Note that the title is not “Moral Perfection”. I write these words to myself as much as to everyone else. As the words suggest, this work is both a motivation for morals and a set of moral-centered motivationals.
I was inspired by my many students and friends, as well as Oswald Chambers. I was introduced to his work when a kind of spiritual grandmother in my life gave me a copy as I went off to Moody. My Utmost for His Highest, the gold standard of Bible-based devotionals, was a collection of notes from Chambers’ widow; our loved ones often know our best values best. He died at 43 years old of a health condition. His first book, Biblical Psychology, was published five years before that. If he could address both Bible and culture at such a young age, I can too.
I write this at 37 years old. When I first wrote this Introduction, I had only finished the first read, drafted about eleven other candidate reads, and had a list of about 180 for other topics, at least 100 of them Bible Theology topics. Most of those are rants I have given to friends on more than one occasion. It seems, according to the fact that his wife took notes of what he would say at home, Oswald was a bit of a “ranter” like myself. What writer/teacher isn’t?
My father would also go on “wisdom rants”. He called them “little Walter thoughts”. Our family treasures them today. Toward the end of his life, he started to write them down, but most of what he said remains only in memory. I don’t want that for my own ideas for future generations. Although I have written political columns, Bible teachings of many kinds, fiction, and numerous other pieces in various genres, nothing I ever wrote before this really had “Jesse thoughts”. This does.

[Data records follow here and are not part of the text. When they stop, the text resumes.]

(* Let $(X,D)$ be an $\mathcal{F}$-metric space with respect to $(f,\alpha)\in\mathcal{F}\times[0,\infty)$. Then for every $a\in X$ and every $k>0$ there exists $r>0$ such that for all $b\in X$ with $D(a,b)\ge k$ and all $c\in X$, one has $D(a,c)+D(b,c)\ge r$.
   Context: $\mathcal{F}$ denotes the class of functions $f:(0,\infty)\to\mathbb{R}$ such that ($\mathcal{F}_1$) $f$ is non-decreasing, and ($\mathcal{F}_2$) for every sequence $(t_n)\subseteq(0,\infty)$, $\lim_n t_n=0$ iff $\lim_n f(t_n)=-\infty$. An $\mathcal{F}$-metric on a non-empty set $X$ is a map $D:X\times X\to[0,\infty)$ for which there exists $(f,\alpha)\in\mathcal{F}\times[0,\infty)$ such that: (D1) $D(x,y)=0$ iff $x=y$; (D2) $D(x,y)=D(y,x)$ for all $x,y$; (D3) for all $(x,y)\in X\times X$, every integer $N\ge2$ and every $u_1,\dots,u_N\in X$ with $u_1=x$, $u_N=y$: if $D(x,y)>0$ then $f(D(x,y))\le f\big(\sum_{i=1}^{N-1}D(u_i,u_{i+1})\big)+\alpha$. *)

theory Defs
  imports Main "HOL-Analysis.Analysis"
begin

text \<open>The class F: functions on (0,infinity), represented as real => real,
  only their values on positive reals matter.\<close>
definition F_class :: "(real \<Rightarrow> real) \<Rightarrow> bool" where
  "F_class f \<longleftrightarrow>
     (\<forall>s t. 0 < s \<longrightarrow> s \<le> t \<longrightarrow> f s \<le> f t) \<and>
     (\<forall>t :: nat \<Rightarrow> real. (\<forall>n. 0 < t n) \<longrightarrow>
        (t \<longlonglongrightarrow> 0 \<longleftrightarrow> filterlim (\<lambda>n. f (t n)) at_bot sequentially))"

definition F_metric_wrt ::
  "'a set \<Rightarrow> ('a \<Rightarrow> 'a \<Rightarrow> real) \<Rightarrow> (real \<Rightarrow> real) \<Rightarrow> real \<Rightarrow> bool" where
  "F_metric_wrt X D f \<alpha> \<longleftrightarrow>
     X \<noteq> {} \<and> F_class f \<and> 0 \<le> \<alpha> \<and>
     (\<forall>x\<in>X. \<forall>y\<in>X. 0 \<le> D x y) \<and>
     (\<forall>x\<in>X. \<forall>y\<in>X. D x y = 0 \<longleftrightarrow> x = y) \<and>
     (\<forall>x\<in>X. \<forall>y\<in>X. D x y = D y x) \<and>
     (\<forall>x\<in>X. \<forall>y\<in>X. \<forall>N::nat. \<forall>u::nat \<Rightarrow> 'a.
        2 \<le> N \<longrightarrow> (\<forall>i\<in>{1..N}. u i \<in> X) \<longrightarrow> u 1 = x \<longrightarrow> u N = y \<longrightarrow>
        0 < D x y \<longrightarrow> f (D x y) \<le> f (\<Sum>i=1..N-1. D (u i) (u (Suc i))) + \<alpha>)"

end

theory Submission
  imports Defs
begin

text \<open>Choose \<open>r\<close> so that \<open>f < f k - \<alpha>\<close> on \<open>(0, r)\<close>, which is possible since \<open>f(t) \<rightarrow> -\<infinity>\<close>
  as \<open>t \<rightarrow> 0\<^sup>+\<close>. If \<open>D(a,c) + D(b,c) < r\<close> for some \<open>c\<close>, then the sum is positive (else
  \<open>a = c = b\<close>), and the triangle axiom along the path \<open>a, c, b\<close> together with monotonicity
  of \<open>f\<close> gives \<open>f k \<le> f (D a b) \<le> f (D a c + D b c) + \<alpha> < f k\<close>.\<close>

lemma F_class_mono:
  assumes "F_class f" "0 < s" "s \<le> t"
  shows "f s \<le> f t"
  using assms unfolding F_class_def by blast

lemma F_class_eventually_less:
  assumes "F_class f"
  shows "\<exists>r>0. \<forall>t. 0 < t \<longrightarrow> t < r \<longrightarrow> f t < M"
proof (rule ccontr)
  assume "\<not> ?thesis"
  moreover have "(0::real) < 1 / (real n + 1)" for n :: nat
    by simp
  ultimately have "\<forall>n::nat. \<exists>t. 0 < t \<and> t < 1 / (real n + 1) \<and> M \<le> f t"
    by (meson not_less)
  then obtain t where t: "\<And>n. 0 < t n" "\<And>n. t n < 1 / (real n + 1)" "\<And>n. M \<le> f (t n)"
    by metis
  have "t \<longlonglongrightarrow> 0"
  proof (rule real_tendsto_sandwich[of "\<lambda>_. 0" _ _ "\<lambda>n. 1 / (real n + 1)"])
    show "(\<lambda>n. 1 / (real n + 1)) \<longlonglongrightarrow> 0"
      using LIMSEQ_inverse_real_of_nat by (simp add: inverse_eq_divide add.commute)
  qed (use t in \<open>auto intro: less_imp_le always_eventually\<close>)
  then have "filterlim (\<lambda>n. f (t n)) at_bot sequentially"
    using assms t(1) unfolding F_class_def by blast
  then have "\<forall>\<^sub>F n in sequentially. f (t n) < M"
    by (simp add: filterlim_at_bot_dense)
  then obtain n where "f (t n) < M"
    by (meson eventually_sequentially order_refl)
  with t(3) show False
    by (meson not_less)
qed

lemma F_metricD:
  assumes "F_metric_wrt X D f \<alpha>"
  shows "F_class f"
    and "x \<in> X \<Longrightarrow> y \<in> X \<Longrightarrow> 0 \<le> D x y"
    and "x \<in> X \<Longrightarrow> y \<in> X \<Longrightarrow> D x y = 0 \<longleftrightarrow> x = y"
    and "x \<in> X \<Longrightarrow> y \<in> X \<Longrightarrow> D x y = D y x"
  using assms unfolding F_metric_wrt_def by simp_all

lemma F_metric_triangle:
  assumes "F_metric_wrt X D f \<alpha>" "a \<in> X" "b \<in> X" "c \<in> X" "0 < D a b"
  shows "f (D a b) \<le> f (D a c + D b c) + \<alpha>"
proof -
  define u where "u = (\<lambda>i::nat. if i = 1 then a else if i = 2 then c else b)"
  have "\<forall>i\<in>{1..3}. u i \<in> X" "u 1 = a" "u 3 = b"
    using assms by (auto simp: u_def)
  moreover have "\<forall>N u. 2 \<le> N \<longrightarrow> (\<forall>i\<in>{1..N}. u i \<in> X) \<longrightarrow> u 1 = a \<longrightarrow> u N = b \<longrightarrow>
      f (D a b) \<le> f (\<Sum>i=1..N-1. D (u i) (u (Suc i))) + \<alpha>"
    using assms unfolding F_metric_wrt_def by blast
  ultimately have "f (D a b) \<le> f (\<Sum>i=1..3-1. D (u i) (u (Suc i))) + \<alpha>"
    by (auto dest!: spec[of _ 3] spec[of _ u])
  moreover have "(\<Sum>i=1..3-1. D (u i) (u (Suc i))) = D a c + D b c"
    using F_metricD(4)[OF assms(1,3,4)] by (simp add: u_def numeral_3_eq_3 numeral_2_eq_2)
  ultimately show ?thesis
    by simp
qed

lemma F_metric_dist_sum_pos:
  assumes "F_metric_wrt X D f \<alpha>" "a \<in> X" "b \<in> X" "c \<in> X" "a \<noteq> b"
  shows "0 < D a c + D b c"
proof -
  have "0 \<le> D a c" "0 \<le> D b c"
    using F_metricD(2)[OF assms(1)] assms(2-4) by simp_all
  moreover have "D a c \<noteq> 0 \<or> D b c \<noteq> 0"
    using F_metricD(3)[OF assms(1)] assms(2-5) by metis
  ultimately show ?thesis
    by linarith
qed

theorem mainTheorem5:
  fixes X :: "'a set" and D :: "'a \<Rightarrow> 'a \<Rightarrow> real" and f :: "real \<Rightarrow> real" and \<alpha> :: real
  assumes "F_metric_wrt X D f \<alpha>"
  shows "\<forall>a\<in>X. \<forall>k>0. \<exists>r>0. \<forall>b\<in>X. D a b \<ge> k \<longrightarrow> (\<forall>c\<in>X. D a c + D b c \<ge> r)"
proof (intro ballI allI impI)
  fix a and k :: real
  assume a: "a \<in> X" and k: "0 < k"
  have f: "F_class f"
    using F_metricD(1)[OF assms] .
  obtain r where r: "r > 0" "\<And>t. 0 < t \<Longrightarrow> t < r \<Longrightarrow> f t < f k - \<alpha>"
    using F_class_eventually_less[OF f] by blast
  have "r \<le> D a c + D b c" if b: "b \<in> X" "k \<le> D a b" and c: "c \<in> X" for b c
  proof (rule ccontr)
    assume "\<not> r \<le> D a c + D b c"
    moreover have "0 < D a b"
      using k b(2) by linarith
    moreover from this have "0 < D a c + D b c"
      using F_metric_dist_sum_pos[OF assms a b(1) c] F_metricD(3)[OF assms a a] by (metis less_irrefl)
    ultimately have "f (D a c + D b c) + \<alpha> < f k"
      using r(2) by fastforce
    moreover have "f k \<le> f (D a b)"
      using F_class_mono[OF f k b(2)] .
    ultimately show False
      using F_metric_triangle[OF assms a b(1) c \<open>0 < D a b\<close>] by simp
  qed
  with r(1) show "\<exists>r>0. \<forall>b\<in>X. k \<le> D a b \<longrightarrow> (\<forall>c\<in>X. r \<le> D a c + D b c)"
    by blast
qed

end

Oswald Chambers brought us all something special. His daily readings aren’t just “Bible study”. They were real, passionate, and natural from the moment. Those kinds of “household wisdom rants” have the strongest “didactic” teaching impact in childhood. Some of our best books are the ones we don’t know we write. Oswald remains unique in the devotional world.
The lesser among devotionals can often be with cliche, are quite dry, belong best under dust on a coffee table’s lower shelf, or were invaluable for readers from another time. Many good Bible devotionals are aimed at novice Bible readers who love Jesus and need elementary teaching to enrich their busy, hectic lives. There are many rich daily-Bible books, such as 365 Read-Aloud Bedtime Bible Stories, the “Uncle” Arthor Maxwell collections, and it goes without mention that Max Lucado and my dear friend, Joe Stowell, are generally awesome. But, all of these are heavily focused on traditional Bible-preaching topics.
What about the professional? What about the Christian who wants to minister through the marketplace or in government? Wisdom such as, “Make sure you’re nice to people because God really loves you as much as them,” carries truth that can be properly applied if we take it to heart; but it doesn’t necessarily answer all challenges of the working professional.
Who disciples the Daniels and Josephs? Who motivates the motivational speakers? They weren’t without mentors of their own. Without any spite, I believe there is a “red ocean” marketable need for a book that daily enriches the lives of self-proclaimed “Christian yuppies”. I wanted “Tony Robins meets Oswald Chambers”. Frankly, that’s Jesse Steele.
Oswald Chambers didn’t intend to write the book he wrote. That was part of its magic. The only reason that I can justify even being worthy to want to follow in his shoes is that every one of these 365 reads—353 of them yet-to-be-drafted—are from rants I have already made. I’m doing zero research and zero outlining for these devotionals. I’m simply sitting at a keyboard and pounding out “repeating broken record rants” of my past that people have thanked me for time and again. The book will be finished as fast as I can type. (Now we know how long it took.)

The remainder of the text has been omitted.